I will choose to make the best of it, because really, what else can I do. But, I am human and much of how women feel about themselves has to do with their hair. As with many cancer patients, that part of me is being stripped away, and I will be exposed before my family and those I choose to show . . . and me. Of all of those, I know I will be the one who will look at myself with the harshest eyes. My vanity will be a tough opponent, as I finally start to look sick.

You see, I cannot count the number of times I’ve heard people tell me how good I look (expecting me to look different than my normal) or that I don’t look sick. I’ve taken comfort in that and have really lived in a bit of denial of my cancer because of that. Once my hair is gone, there will be no more denying it to myself.

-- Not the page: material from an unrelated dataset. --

(* Let $A$ be a regular vertex of a phylogenetic quiver $\mathcal O$, let $B$ be a vertex of the clade $\mathcal O_A$, and set $m=h(A)$, $n=h(B)$ (so $n\ge m$). If $p^{n-m}([B])\neq[A]$, then $B$ is a phylogenetic vertex of $\mathcal O_A$ and $h_A(B)=n-m+1$.
   Context: A quiver consists of a class of vertices and, for each ordered pair of vertices $(A,B)$, a set of edges $A\to B$ (loops and multiple edges allowed). An evolution of length $m\ge 0$ is a sequence $A_0\leftarrow A_1\leftarrow\cdots\leftarrow A_m$ of vertices together with edges $A_k\to A_{k-1}$ ($1\le k\le m$); $A_0$ is its initial and $A_m$ its terminal vertex. Write $A\le B$ ($A$ is an ancestor of $B$, $B$ a descendant of $A$) if there is an evolution with initial vertex $A$ and terminal vertex $B$; $A,B$ are isotypic ($A\sim B$) if $A\le B$ and $B\le A$. A vertex $A$ is primitive if every ancestor of $A$ is isotypic to $A$. A full evolution for $X$ is an evolution with primitive initial vertex and terminal vertex $X$. The height $h(X)$ is the smallest length of a full evolution for $X$ ($\infty$ if none). An evolution $\alpha=(A_0\leftarrow\cdots\leftarrow A_m)$ embeds in $\beta=(B_0\leftarrow\cdots\leftarrow B_n)$ if $m\le n$ and there are $0\le r_0<\cdots<r_m\le n$ with $A_k\sim B_{r_k}$. A universal evolution for $X$ is a full evolution for $X$ embedding in every full evolution for $X$; $X$ is phylogenetic if one exists. A quiver is monotonous if $h(A)\ge h(B)$ for every edge $A\to B$; small if its isotypy classes form a set; phylogenetic if small, monotonous, and all vertices phylogenetic. For a phylogenetic quiver, $[A]$ denotes the isotypy class of $A$, $\mathcal O_m$ the set of isotypy classes of vertices of height $m$, and for $m\ge1$ the parental map $p:\mathcal O_m\to\mathcal O_{m-1}$ is $p([A])=[A_{m-1}]$ where $A_0\leftarrow\cdots\leftarrow A_{m-1}\leftarrow A_m=A$ is any universal evolution for $A$ (well defined); $p^0$ is the identity. The clade $\mathcal O_A$ is the quiver formed by all descendants of $A$ in $\mathcal O$ and all edges between them; $h_A$ denotes height computed in $\mathcal O_A$, and phylogeneticity in $\mathcal O_A$ is likewise computed within $\mathcal O_A$. A vertex $A$ is regular if for every $B$ in $\mathcal O_A$ with $h(B)=h(A)$ there is an edge $B\to A$ in $\mathcal O$. *)

theory Defs
  imports Main "HOL-Library.Extended_Nat"
begin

I will look sick.

I think this will be a time of growth and self-pity and figuring out where my security lies. I am not at all sure that I’m going to be as brave and self-assured as I’d like, but I am thankful that my identity is secure. God doesn’t look at the outside. He looks on the heart. My heart is His, and I am secure in His love no matter what I look like or feel about how I look.

Still, I may decide to get a tattoo, because bald women with tattoos just look tough, you know?